Rompió la foto por la mitad y la tiró al fuego. Observó cómo se abarquillaba y ardía, y lo último en desaparecer fue aquella sonrisa vívida. Mi querido Buzz… Recordó de repente el vestido de noche de la fotografía. Era verde, nunca fue su color, la volvía amarillenta; y lo había comprado para una ocasión especial, una gran cena con amigos que celebraban su aniversario de bodas. La finalidad de la cena había sido invitar a los amigos y vecinos que se hubieran casado más o menos por las mismas fechas, fue el motivo por el que Midge y él habían asistido.

Hubo un montón de champán y uno o dos discursos, un ambiente muy festivo, risas y chistes —algunos de ellos bastante soeces—, y recordaba que cuando acabó la velada, mientras subían al coche para marcharse, su anfitrión, entre carcajadas, dijo: «Prueba a rondarla con sombrero de copa, viejo, ¡dicen que nunca falla!». Había sido consciente de la presencia de Midge a su lado, con el vestido de fiesta verde, sentada muy tiesa y quieta, y con aquella misma sonrisa que lucía en la fotografía que acababa de destruir, entusiasta aunque insegura, dudosa respecto al significado de las palabras que su anfitrión, ligeramente ebrio, había dejado caer al aire de la noche, y aun así buscando parecer avezada, ansiosa por agradar y, por encima de todo, desesperadamente ansiosa por resultar atractiva.

Cuando dejó el coche en el garaje y entró en casa, la encontró esperando allí, en la salita, sin motivo aparente. Tenía el abrigo echado hacia atrás para que se viera el vestido y aquella sonrisa, bastante insegura, en la cara.

Él bostezó, se sentó en una silla y cogió un libro. Ella esperó un poco más, después se recolocó despacio el abrigo y se fue arriba. Debió de ser poco después cuando se hizo aquella fotografía. «Mi querido Buzz, de su amada Midge.» Echó al fuego un buen puñado de chasca. Crepitó, se rompió y convirtió en cenizas la fotografía. Nada de leños verdes y mojados esta noche…

Al día siguiente hizo buen tiempo. El sol brillaba y cantaban los pájaros. Tuvo el impulso repentino de ir a Londres. Hacía día de pasear por la calle Bond, ver el gentío pasar. Un día para pedir cita con el sastre, cortarse el pelo, comerse una docena de ostras en su restaurante favorito. Se le había pasado el enfriamiento. Tenía por delante horas apacibles. Incluso podría pasarse por alguna matiné.

El día transcurrió sin incidentes, tranquilo, relajado, justo como había planeado, y supuso un cambio con respecto a la rutina diaria en el campo.
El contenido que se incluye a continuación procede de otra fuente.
(* Let $M'=M[D,K]$ be a compatible minor of the weighted uncertainty matroid $\mathcal{M}$. If there is a circuit $C$ of $M'$ containing an element $e$ that has the unique maximum weight in $C$, then $M[D\cup\{e\},K]$ is a compatible minor of $\mathcal{M}$.
   Context: A weighted uncertainty matroid $\mathcal{M}=(E,\mathcal{I},A,w)$ consists of a matroid $M=(E,\mathcal{I})$ on a finite set $E$, for each $e\in E$ a non-empty finite union $A_e$ of bounded real intervals (each open or closed), a weight $w_e\in A_e$, and a query cost $c_e\ge0$. A minimum-weight basis (MWB) is a basis minimizing total weight. A weight assignment is $w^*$ with $w^*_e\in A_e$, consistent with $Q$ if $w^*_e=w_e$ on $Q$. $Q$ verifies an MWB $B$ if for every weight assignment consistent with $Q$, $B$ is an MWB with respect to it; a certificate for $\mathcal{M}$ is a set verifying some MWB, and $c^*$ denotes the minimum cost $\sum_{e\in Q}c_e$ of a certificate for $\mathcal{M}$. For $D,K\subseteq E$, $M[D,K]$ is the matroid obtained from $M$ by deleting $D$ and contracting $K$, with weights restricted to its ground set $E(M[D,K])=E\setminus(D\cup K)$. $M[D,K]$ is a compatible minor of $\mathcal{M}$ if there is a set $Q$ of cost $c^*$ that verifies an MWB $B$ of $\mathcal{M}$ with $K\subseteq B$ and $D\cap B=\emptyset$. *)

theory Defs
  imports Complex_Main
begin

definition matroid :: "'a set \<Rightarrow> ('a set \<Rightarrow> bool) \<Rightarrow> bool" where
  "matroid E indep \<longleftrightarrow>
     finite E \<and>
     (\<forall>I. indep I \<longrightarrow> I \<subseteq> E) \<and>
     indep {} \<and>
     (\<forall>I J. indep J \<and> I \<subseteq> J \<longrightarrow> indep I) \<and>
     (\<forall>I J. indep I \<and> indep J \<and> card I < card J \<longrightarrow>
        (\<exists>x\<in>J - I. indep (insert x I)))"

definition basis :: "'a set \<Rightarrow> ('a set \<Rightarrow> bool) \<Rightarrow> 'a set \<Rightarrow> bool" where
  "basis E indep B \<longleftrightarrow> B \<subseteq> E \<and> indep B \<and>
     (\<forall>X. B \<subset> X \<and> X \<subseteq> E \<longrightarrow> \<not> indep X)"

definition circuit :: "'a set \<Rightarrow> ('a set \<Rightarrow> bool) \<Rightarrow> 'a set \<Rightarrow> bool" where
  "circuit E indep C \<longleftrightarrow> C \<subseteq> E \<and> \<not> indep C \<and> (\<forall>X. X \<subset> C \<longrightarrow> indep X)"

text \<open>Minor M[D,K]: delete D, then contract K.\<close>
definition minor_ground :: "'a set \<Rightarrow> 'a set \<Rightarrow> 'a set \<Rightarrow> 'a set" where
  "minor_ground E D K = E - (D \<union> K)"

definition minor_indep ::
  "'a set \<Rightarrow> ('a set \<Rightarrow> bool) \<Rightarrow> 'a set \<Rightarrow> 'a set \<Rightarrow> 'a set \<Rightarrow> bool" where
  "minor_indep E indep D K I \<longleftrightarrow> I \<subseteq> E - (D \<union> K) \<and>
     (\<exists>J. basis ((K \<inter> E) - D) indep J \<and> indep (I \<union> J))"

definition uncertainty_area :: "real set \<Rightarrow> bool" where
  "uncertainty_area S \<longleftrightarrow> S \<noteq> {} \<and>
     (\<exists>F. finite F \<and> S = \<Union>F \<and> (\<forall>J\<in>F. \<exists>a b. J = {a..b} \<or> J = {a<..<b}))"

definition uncertainty_matroid ::
  "'a set \<Rightarrow> ('a set \<Rightarrow> bool) \<Rightarrow> ('a \<Rightarrow> real set) \<Rightarrow> ('a \<Rightarrow> real) \<Rightarrow> ('a \<Rightarrow> real) \<Rightarrow> bool" where
  "uncertainty_matroid E indep A w c \<longleftrightarrow> matroid E indep \<and>
     (\<forall>e\<in>E. uncertainty_area (A e) \<and> w e \<in> A e \<and> c e \<ge> 0)"

definition mwb :: "'a set \<Rightarrow> ('a set \<Rightarrow> bool) \<Rightarrow> ('a \<Rightarrow> real) \<Rightarrow> 'a set \<Rightarrow> bool" where
  "mwb E indep w B \<longleftrightarrow> basis E indep B \<and>
     (\<forall>B'. basis E indep B' \<longrightarrow> sum w B \<le> sum w B')"

definition weight_assignment :: "'a set \<Rightarrow> ('a \<Rightarrow> real set) \<Rightarrow> ('a \<Rightarrow> real) \<Rightarrow> bool" where
  "weight_assignment E A w' \<longleftrightarrow> (\<forall>e\<in>E. w' e \<in> A e)"

definition consistent :: "'a set \<Rightarrow> ('a \<Rightarrow> real) \<Rightarrow> ('a \<Rightarrow> real) \<Rightarrow> bool" where
  "consistent Q w w' \<longleftrightarrow> (\<forall>e\<in>Q. w' e = w e)"

definition verifies ::
  "'a set \<Rightarrow> ('a set \<Rightarrow> bool) \<Rightarrow> ('a \<Rightarrow> real set) \<Rightarrow> ('a \<Rightarrow> real) \<Rightarrow> 'a set \<Rightarrow> 'a set \<Rightarrow> bool" where
  "verifies E indep A w Q B \<longleftrightarrow>
     (\<forall>w'. weight_assignment E A w' \<and> consistent Q w w' \<longrightarrow> mwb E indep w' B)"

definition certificate ::
  "'a set \<Rightarrow> ('a set \<Rightarrow> bool) \<Rightarrow> ('a \<Rightarrow> real set) \<Rightarrow> ('a \<Rightarrow> real) \<Rightarrow> 'a set \<Rightarrow> bool" where
  "certificate E indep A w Q \<longleftrightarrow> Q \<subseteq> E \<and>
     (\<exists>B. mwb E indep w B \<and> verifies E indep A w Q B)"

definition opt_cost ::
  "'a set \<Rightarrow> ('a set \<Rightarrow> bool) \<Rightarrow> ('a \<Rightarrow> real set) \<Rightarrow> ('a \<Rightarrow> real) \<Rightarrow> ('a \<Rightarrow> real) \<Rightarrow> real" where
  "opt_cost E indep A w c = Min {sum c Q | Q. certificate E indep A w Q}"

definition compatible_minor ::
  "'a set \<Rightarrow> ('a set \<Rightarrow> bool) \<Rightarrow> ('a \<Rightarrow> real set) \<Rightarrow> ('a \<Rightarrow> real) \<Rightarrow> ('a \<Rightarrow> real)
     \<Rightarrow> 'a set \<Rightarrow> 'a set \<Rightarrow> bool" where
  "compatible_minor E indep A w c D K \<longleftrightarrow>
     (\<exists>Q B. Q \<subseteq> E \<and> sum c Q = opt_cost E indep A w c \<and>
        mwb E indep w B \<and> verifies E indep A w Q B \<and> K \<subseteq> B \<and> D \<inter> B = {})"

end

theory Submission
  imports Defs
begin

text \<open>Let B be the minimum-weight basis verified by an optimal certificate with
  K \<subseteq> B and D \<inter> B = {}. Since K is independent, contracting K simply adds K
  to every set, so (C - {e}) \<union> K is independent and adding e makes it
  dependent. If B contained e, extending
  (C - {e}) \<union> K inside (C - {e}) \<union> K \<union> B and augmenting
  B - {e} from it would exchange e for some x \<in> C - {e},
  giving a basis of smaller weight. Hence e \<notin> B, and the certificate
  witnessing compatibility of M[D,K] also witnesses that of
  M[D \<union> {e},K].\<close>

lemma matroid_indep_subset: "matroid E indep \<Longrightarrow> indep I \<Longrightarrow> I \<subseteq> E"
  unfolding matroid_def by blast

lemma matroid_indep_finite: "matroid E indep \<Longrightarrow> indep I \<Longrightarrow> finite I"
  unfolding matroid_def by (meson finite_subset)

lemma matroid_indep_mono: "matroid E indep \<Longrightarrow> indep J \<Longrightarrow> I \<subseteq> J \<Longrightarrow> indep I"
  unfolding matroid_def by blast

lemma matroid_augment:
  "matroid E indep \<Longrightarrow> indep I \<Longrightarrow> indep J \<Longrightarrow> card I < card J \<Longrightarrow>
     \<exists>x\<in>J - I. indep (insert x I)"
  unfolding matroid_def by blast

lemma matroid_augment_to_card:
  assumes m: "matroid E indep" and "indep I" and "indep J"
  shows "\<exists>X. I \<subseteq> X \<and> X \<subseteq> I \<union> J \<and> indep X \<and> card J \<le> card X"
  using assms(2)
proof (induction "card J - card I" arbitrary: I rule: less_induct)
  case (less I)
  show ?case
  proof (cases "card I < card J")
    case True
    then obtain x where x: "x \<in> J - I" "indep (insert x I)"
      using matroid_augment[OF m less.prems assms(3)] by blast
    have "card (insert x I) = Suc (card I)"
      using x(1) matroid_indep_finite[OF m less.prems] by simp
    then have "card J - card (insert x I) < card J - card I"
      using True by simp
    then obtain X where "insert x I \<subseteq> X" "X \<subseteq> insert x I \<union> J" "indep X" "card J \<le> card X"
      using less.hyps x(2) by blast
    then show ?thesis using x(1) by blast
  next
    case False
    then show ?thesis using less.prems by (intro exI[of _ I]) auto
  qed
qed

lemma basis_if_indep_card_ge:
  assumes m: "matroid E indep" and B: "basis E indep B"
    and "indep B'" and "card B \<le> card B'"
  shows "basis E indep B'"
  unfolding basis_def
proof (intro conjI allI impI notI)
  show "B' \<subseteq> E" using matroid_indep_subset[OF m \<open>indep B'\<close>] .
  show "indep B'" by fact
  fix Y assume Y: "B' \<subset> Y \<and> Y \<subseteq> E" and "indep Y"
  have "card B' < card Y"
    using Y psubset_card_mono matroid_indep_finite[OF m \<open>indep Y\<close>] by blast
  moreover have "indep B" using B unfolding basis_def by blast
  ultimately obtain z where "z \<in> Y - B" "indep (insert z B)"
    using matroid_augment[OF m _ \<open>indep Y\<close>] assms(4) by (meson order_le_less_trans)
  moreover have "insert z B \<subseteq> E" using matroid_indep_subset[OF m] calculation(2) .
  ultimately show False
    using B unfolding basis_def by blast
qed

lemma basis_of_indep_iff: "indep K \<Longrightarrow> basis K indep J \<longleftrightarrow> J = K"
  unfolding basis_def by blast

lemma minor_indep_contract_indep:
  assumes "indep K" and "K \<subseteq> E" and "D \<inter> K = {}"
  shows "minor_indep E indep D K I \<longleftrightarrow> I \<subseteq> E - (D \<union> K) \<and> indep (I \<union> K)"
proof -
  have "(K \<inter> E) - D = K" using assms(2,3) by blast
  then show ?thesis
    unfolding minor_indep_def using basis_of_indep_iff[of indep K] assms(1) by simp
qed

lemma circuit_minor_contract_indep:
  assumes "indep K" and "K \<subseteq> E" and "D \<inter> K = {}"
    and "circuit (minor_ground E D K) (minor_indep E indep D K) C" and "e \<in> C"
  shows "indep ((C - {e}) \<union> K)" and "\<not> indep (insert e ((C - {e}) \<union> K))"
proof -
  note minor = minor_indep_contract_indep[of indep K, OF assms(1-3)]
  have "C \<subseteq> E - (D \<union> K)" "\<not> minor_indep E indep D K C"
    "minor_indep E indep D K (C - {e})"
    using assms(4,5) unfolding circuit_def minor_ground_def by auto
  moreover have "insert e ((C - {e}) \<union> K) = C \<union> K" using assms(5) by blast
  ultimately show "indep ((C - {e}) \<union> K)" "\<not> indep (insert e ((C - {e}) \<union> K))"
    unfolding minor by auto
qed

lemma basis_exchange_into_indep:
  assumes m: "matroid E indep" and B: "basis E indep B" and "e \<in> B"
    and I: "indep I" and dep: "\<not> indep (insert e I)"
  shows "\<exists>x\<in>I - B. basis E indep (insert x (B - {e}))"
proof -
  have iB: "indep B" and finB: "finite B"
    using B matroid_indep_finite[OF m] unfolding basis_def by auto
  obtain X where X: "I \<subseteq> X" "X \<subseteq> I \<union> B" "indep X" "card B \<le> card X"
    using matroid_augment_to_card[OF m I iB] by blast
  have "e \<notin> X"
    using X(1,3) dep matroid_indep_mono[OF m] by (meson insert_subsetI)
  have iBe: "indep (B - {e})" using matroid_indep_mono[OF m iB] by blast
  have cBe: "card (B - {e}) < card B" using finB \<open>e \<in> B\<close> by (meson card_Diff1_less)
  obtain x where x: "x \<in> X - (B - {e})" "indep (insert x (B - {e}))"
    using matroid_augment[OF m iBe X(3)] cBe X(4) by fastforce
  have "x \<in> I - B" using x(1) X(2) \<open>e \<notin> X\<close> by blast
  moreover have "card (insert x (B - {e})) = card B"
    using calculation finB \<open>e \<in> B\<close>
    by (metis DiffD2 DiffE card_Suc_Diff1 card_insert_disjoint finite_Diff)
  ultimately show ?thesis
    using basis_if_indep_card_ge[OF m B x(2)] by auto
qed

lemma mwb_exchange_weight_le:
  assumes m: "matroid E indep" and B: "mwb E indep w B" and "e \<in> B"
    and "indep I" and "\<not> indep (insert e I)"
  shows "\<exists>x\<in>I - B. w e \<le> w x"
proof -
  have "basis E indep B" "finite B"
    using B matroid_indep_finite[OF m] unfolding mwb_def basis_def by auto
  then obtain x where x: "x \<in> I - B" "basis E indep (insert x (B - {e}))"
    using basis_exchange_into_indep[OF m _ assms(3-5)] by blast
  have "sum w (insert x (B - {e})) = w x + (sum w B - w e)"
    using x(1) \<open>finite B\<close> \<open>e \<in> B\<close> by (simp add: sum_diff1)
  moreover have "sum w B \<le> sum w (insert x (B - {e}))"
    using B x(2) unfolding mwb_def by blast
  ultimately show ?thesis using x(1) by auto
qed

theorem mainTheorem9:
  fixes E :: "'a set" and indep :: "'a set \<Rightarrow> bool" and A :: "'a \<Rightarrow> real set"
    and w c :: "'a \<Rightarrow> real" and D K C :: "'a set" and e :: 'a
  assumes "uncertainty_matroid E indep A w c"
    and "compatible_minor E indep A w c D K"
    and "circuit (minor_ground E D K) (minor_indep E indep D K) C"
    and "e \<in> C"
    and "\<forall>f\<in>C - {e}. w f < w e"
  shows "compatible_minor E indep A w c (D \<union> {e}) K"
proof -
  have m: "matroid E indep" using assms(1) unfolding uncertainty_matroid_def by blast
  obtain Q B where QB: "Q \<subseteq> E" "sum c Q = opt_cost E indep A w c"
     "mwb E indep w B" "verifies E indep A w Q B" "K \<subseteq> B" "D \<inter> B = {}"
    using assms(2) unfolding compatible_minor_def by blast
  have "indep B" "B \<subseteq> E" using QB(3) unfolding mwb_def basis_def by auto
  then have "indep K" "K \<subseteq> E" "D \<inter> K = {}"
    using matroid_indep_mono[OF m _ QB(5)] QB(5,6) by auto
  note C = circuit_minor_contract_indep[OF this assms(3,4)]
  have "e \<notin> B"
  proof
    assume "e \<in> B"
    then obtain x where x: "x \<in> (C - {e}) \<union> K - B" "w e \<le> w x"
      using mwb_exchange_weight_le[OF m QB(3) _ C] by blast
    then have "x \<in> C - {e}" using QB(5) by blast
    then have "w x < w e" using assms(5) by blast
    then show False using x(2) by linarith
  qed
  then show ?thesis unfolding compatible_minor_def using QB by blast
qed

end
Llegó en coche a casa a eso de las siete, deseando tomarse una copa y cenar. Hacía tanto calor que no necesitaba el abrigo, ni siquiera ahora, con el sol tan bajo. Saludó con la mano al granjero, que por casualidad cruzaba la verja cuando él entraba por el vado.

—Qué día más bueno —gritó.

El hombre asintió y sonrió.

—Muchos como este a partir de ahora no vendrían mal —le respondió a voces. Un tipo decente. Llevaban siendo amigos desde la época de la guerra, cuando conducía el tractor.